Actually, I wouldn't mind living in Okinawa again. Great place for a family. Very safe.


----------



## Herald (Jun 22, 2008)

Someone would have to shanghai me to move me out of the States. If they were successful in doing so I would want to be taken to one of the British Virgin Islands so I can become a boat person and slip back into the country.


----------



## Herald (Jun 22, 2008)

Okay, a serious answer. Australia. If I couldn't live here that is where I would live.


----------



## Puritan Sailor (Jun 22, 2008)

North Jersey Baptist said:


> Okay, a serious answer.

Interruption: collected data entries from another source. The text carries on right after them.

lemma sig_len_snoc_le:
  assumes ua: "u @ [a] \<in> lang2 T" and "u \<noteq> []"
  shows "sig_len T (u @ [a]) \<le> Suc (sig_len T u)"
proof -
  let ?k = "sig_len T (u @ [a])"
  have u: "u \<in> lang2 T" using lang2_take[OF ua, of "length u"] by simp
  have k: "?k \<le> Suc (length u)" "significant T (drop (Suc (length u) - ?k) (u @ [a]))"
    using sig_len_le_length[OF ua] significant_sig[OF ua] by (simp_all add: sig_eq_drop_sig_len)
  show ?thesis
  proof (cases "?k \<le> 1")
    case False
    define s where "s = drop (length u - (?k - 1)) u"
    have shift: "Suc (length u) - ?k = length u - (?k - 1)" using False by simp
    have "drop (Suc (length u) - ?k) (u @ [a]) = s @ [a]" unfolding shift by (simp add: s_def)
    moreover have "s \<noteq> []" using False k(1) by (simp add: s_def)
    ultimately have "significant T s" using significant_butlast k(2) by simp
    then have "?k - 1 \<le> sig_len T u"
      using sig_len_greatest[OF u \<open>u \<noteq> []\<close>, of "?k - 1"] k(1) by (simp add: s_def)
    then show ?thesis by simp
  qed simp
qed

lemma sig_snoc:
  assumes ua: "u @ [a] \<in> lang2 T" and "u \<noteq> []"
  shows "sig T (sig T u @ [a]) = sig T (u @ [a])"
proof -
  have u: "u \<in> lang2 T" using lang2_take[OF ua, of "length u"] by simp
  have "sig T u @ [a] = drop (length (u @ [a]) - Suc (sig_len T u)) (u @ [a])"
    using sig_len_le_length[OF u \<open>u \<noteq> []\<close>] by (simp add: sig_eq_drop_sig_len)
  also have "sig T \<dots> = sig T (u @ [a])"
    by (rule sig_of_suffix[OF ua])
      (use sig_len_snoc_le[OF assms] sig_len_le_length[OF u \<open>u \<noteq> []\<close>] in simp_all)
  finally show ?thesis .
qed

lemma sig_path_in_hb_paths:
  assumes w: "w \<in> lang2 T" "w \<noteq> []"
  shows "sig_path T w \<in> hb_paths_from_symbols T (length w)"
proof -
  let ?ps = "sig_path T w"
  have prefix: "take (Suc k) w \<in> lang2 T" "take (Suc k) w \<noteq> []" for k
    using lang2_take[OF w(1)] w(2) by simp_all
  have ps_nth: "?ps ! k = sig T (take (Suc k) w)" if "k < length w" for k
    using that by (simp add: sig_path_def)
  have "significant T v" if "v \<in> set ?ps" for v
    using that significant_sig[OF prefix] by (auto simp: sig_path_def)
  moreover have "length (hd ?ps) = 1"
  proof -
    have "take 1 w = [hd w]" using w(2) by (cases w) simp_all
    then have "hd ?ps = [hd w]"
      using w(2) prefix(1)[of 0] by (simp add: sig_path_def hd_map sig_singleton)
    then show ?thesis by simp
  qed
  moreover have "hb_edge T (?ps ! i) (?ps ! Suc i)" if i: "Suc i < length w" for i
  proof -
    define u where "u = take (Suc i) w"
    define b where "b = w ! Suc i"
    have ub: "take (Suc (Suc i)) w = u @ [b]"
      using i by (simp add: u_def b_def take_Suc_conv_app_nth)
    have u: "u \<in> lang2 T" "u \<noteq> []" using prefix by (simp_all add: u_def)
    have ub_lang: "u @ [b] \<in> lang2 T" using prefix(1)[of "Suc i"] ub by simp
    then have "sig T u @ [b] \<in> lang2 T" using lang2_sig_snoc_iff[OF u] by simp
    moreover have "?ps ! Suc i = sig T (sig T u @ [b])"
      using ps_nth[OF i] ub sig_snoc[OF ub_lang u(2)] by simp
    moreover have "?ps ! i = sig T u" using ps_nth i by (simp add: u_def)
    moreover have "significant T (?ps ! i)" "significant T (?ps ! Suc i)"
      using ps_nth i significant_sig[OF prefix] by simp_all
    ultimately show ?thesis unfolding hb_edge_def by auto
  qed
  ultimately show ?thesis by (simp add: hb_paths_from_symbols_def sig_path_def)
qed

lemma hb_path_prefix:
  assumes ps: "ps \<in> hb_paths_from_symbols T n" and "k < n"
  shows "take (Suc k) (map last ps) \<in> lang2 T \<and> ps ! k = sig T (take (Suc k) (map last ps))"
proof -
  let ?w = "map last ps"
  have len: "length ps = n" and hd: "length (hd ps) = 1"
    and sig: "\<And>v. v \<in> set ps \<Longrightarrow> significant T v"
    using ps by (simp_all add: hb_paths_from_symbols_def)
  show ?thesis
    using \<open>k < n\<close>
  proof (induction k)
    case 0
    obtain x where x: "ps ! 0 = [x]"
      using hd 0 len by (cases ps) (auto simp: length_Suc_conv)
    have "ps ! 0 \<in> set ps" using 0 len by simp
    then have x_lang: "[x] \<in> lang2 T" using sig x by (simp add: significant_def)
    moreover have "take (Suc 0) ?w = [x]"
      using take_Suc_conv_app_nth[of 0 ?w] x 0 len by simp
    ultimately show ?case using x sig_singleton[OF x_lang] by simp
  next
    case (Suc k)
    define u where "u = take (Suc k) ?w"
    have u: "u \<in> lang2 T" "u \<noteq> []" "ps ! k = sig T u"
      using Suc len by (auto simp: u_def)
    have "hb_edge T (ps ! k) (ps ! Suc k)"
      using ps Suc.prems by (simp add: hb_paths_from_symbols_def)
    then obtain b where b: "ps ! k @ [b] \<in> lang2 T" "ps ! Suc k = sig T (ps ! k @ [b])"
      unfolding hb_edge_def by blast
    have "?w ! Suc k = last (ps ! k @ [b])"
      using b last_sig[OF b(1)] Suc.prems len by simp
    then have "take (Suc (Suc k)) ?w = u @ [b]"
      using Suc.prems len by (simp add: u_def take_Suc_conv_app_nth)
    moreover have "u @ [b] \<in> lang2 T" using b(1) lang2_sig_snoc_iff[OF u(1,2)] u(3) by simp
    ultimately show ?case using b(2) u sig_snoc by simp
  qed
qed

lemma hb_path_eq_sig_path:
  assumes ps: "ps \<in> hb_paths_from_symbols T n" and "1 \<le> n"
  shows "map last ps \<in> lang2 T" "ps = sig_path T (map last ps)"
proof -
  have len: "length ps = n" using ps by (simp add: hb_paths_from_symbols_def)
  show "map last ps \<in> lang2 T"
    using hb_path_prefix[OF ps, of "n - 1"] \<open>1 \<le> n\<close> len by simp
  show "ps = sig_path T (map last ps)"
    using hb_path_prefix[OF ps] len by (intro nth_equalityI) (simp_all add: sig_path_def)
qed

theorem card_hb_paths_from_symbols:
  assumes "1 \<le> n"
  shows "card (hb_paths_from_symbols T n) = card {w \<in> lang2 T. length w = n}"
proof -
  have "bij_betw (sig_path T) {w \<in> lang2 T. length w = n} (hb_paths_from_symbols T n)"
  proof (rule bij_betw_byWitness[where f' = "map last"])
    show "sig_path T ` {w \<in> lang2 T. length w = n} \<subseteq> hb_paths_from_symbols T n"
      using sig_path_in_hb_paths \<open>1 \<le> n\<close> by fastforce
    show "map last ` hb_paths_from_symbols T n \<subseteq> {w \<in> lang2 T. length w = n}"
      using hb_path_eq_sig_path(1) \<open>1 \<le> n\<close> by (auto simp: hb_paths_from_symbols_def)
  qed (use map_last_sig_path hb_path_eq_sig_path(2) \<open>1 \<le> n\<close> in auto)
  then show ?thesis by (simp add: bij_betw_same_card)
qed

end

lemma shift_invariant_natext: "shift_invariant (natext X)"
proof (rule shift_invariant.intro)
  fix x :: "int \<Rightarrow> 'a"
  have "(\<forall>p. (\<lambda>i. x ((p + 1) + int i)) \<in> X) \<longleftrightarrow> (\<forall>p. (\<lambda>i. x (p + int i)) \<in> X)"
    by (metis add_diff_cancel_right' diff_add_cancel)
  then show "shift2 x \<in> natext X \<longleftrightarrow> x \<in> natext X"
    by (simp add: natext_def shift2_def algebra_simps)
qed

lemma inj_shift2: "inj shift2"
proof (rule injI, rule ext)
  fix x y :: "int \<Rightarrow> 'a" and i :: int
  assume "shift2 x = shift2 y"
  then have "shift2 x (i - 1) = shift2 y (i - 1)" by simp
  then show "x i = y i" by (simp add: shift2_def)
qed

lemma subshift2_shift_invariant:
  assumes "subshift2 X"
  shows "shift_invariant X"
proof (rule shift_invariant.intro)
  fix x
  have "shift2 ` X = X" using assms by (simp add: subshift2_def)
  then show "shift2 x \<in> X \<longleftrightarrow> x \<in> X" using inj_image_mem_iff[OF inj_shift2, of x X] by simp
qed

text \<open>In the one-sided case only the hypothesis \<open>lang1 Xp = lang2 (natext Xp)\<close> is used: the
  count is carried out in the natural extension, which is always shift-invariant.\<close>

theorem corollary5p9:
  shows "(\<forall>(Xp :: (nat \<Rightarrow> 'a::finite) set). subshift1 Xp \<and> lang1 Xp = lang2 (natext Xp) \<longrightarrow>
           (\<forall>n\<ge>1. card (hb_paths_from_symbols (natext Xp) n) = card {w\<in>lang1 Xp. length w = n}))
       \<and> (\<forall>(X :: (int \<Rightarrow> 'a::finite) set). subshift2 X \<longrightarrow>
           (\<forall>n\<ge>1. card (hb_paths_from_symbols X n) = card {w\<in>lang2 X. length w = n}))"
  using shift_invariant.card_hb_paths_from_symbols[OF shift_invariant_natext]
    shift_invariant.card_hb_paths_from_symbols[OF subshift2_shift_invariant]
  by auto

end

Australia. If I couldn't live here that is where I would live.



 or New Zealand. But America is my #1 preference despite all her flaws. It would take alot to move me anywhere else, like a divine commission


----------



## Stephen L Smith (Jun 22, 2008)

Puritan Sailor said:


> New Zealand.



Amen. We are now the land of the America's cup!!


----------



## Stephen L Smith (Jun 22, 2008)

North Jersey Baptist said:


> Okay, a serious answer. Australia. If I couldn't live here that is where I would live.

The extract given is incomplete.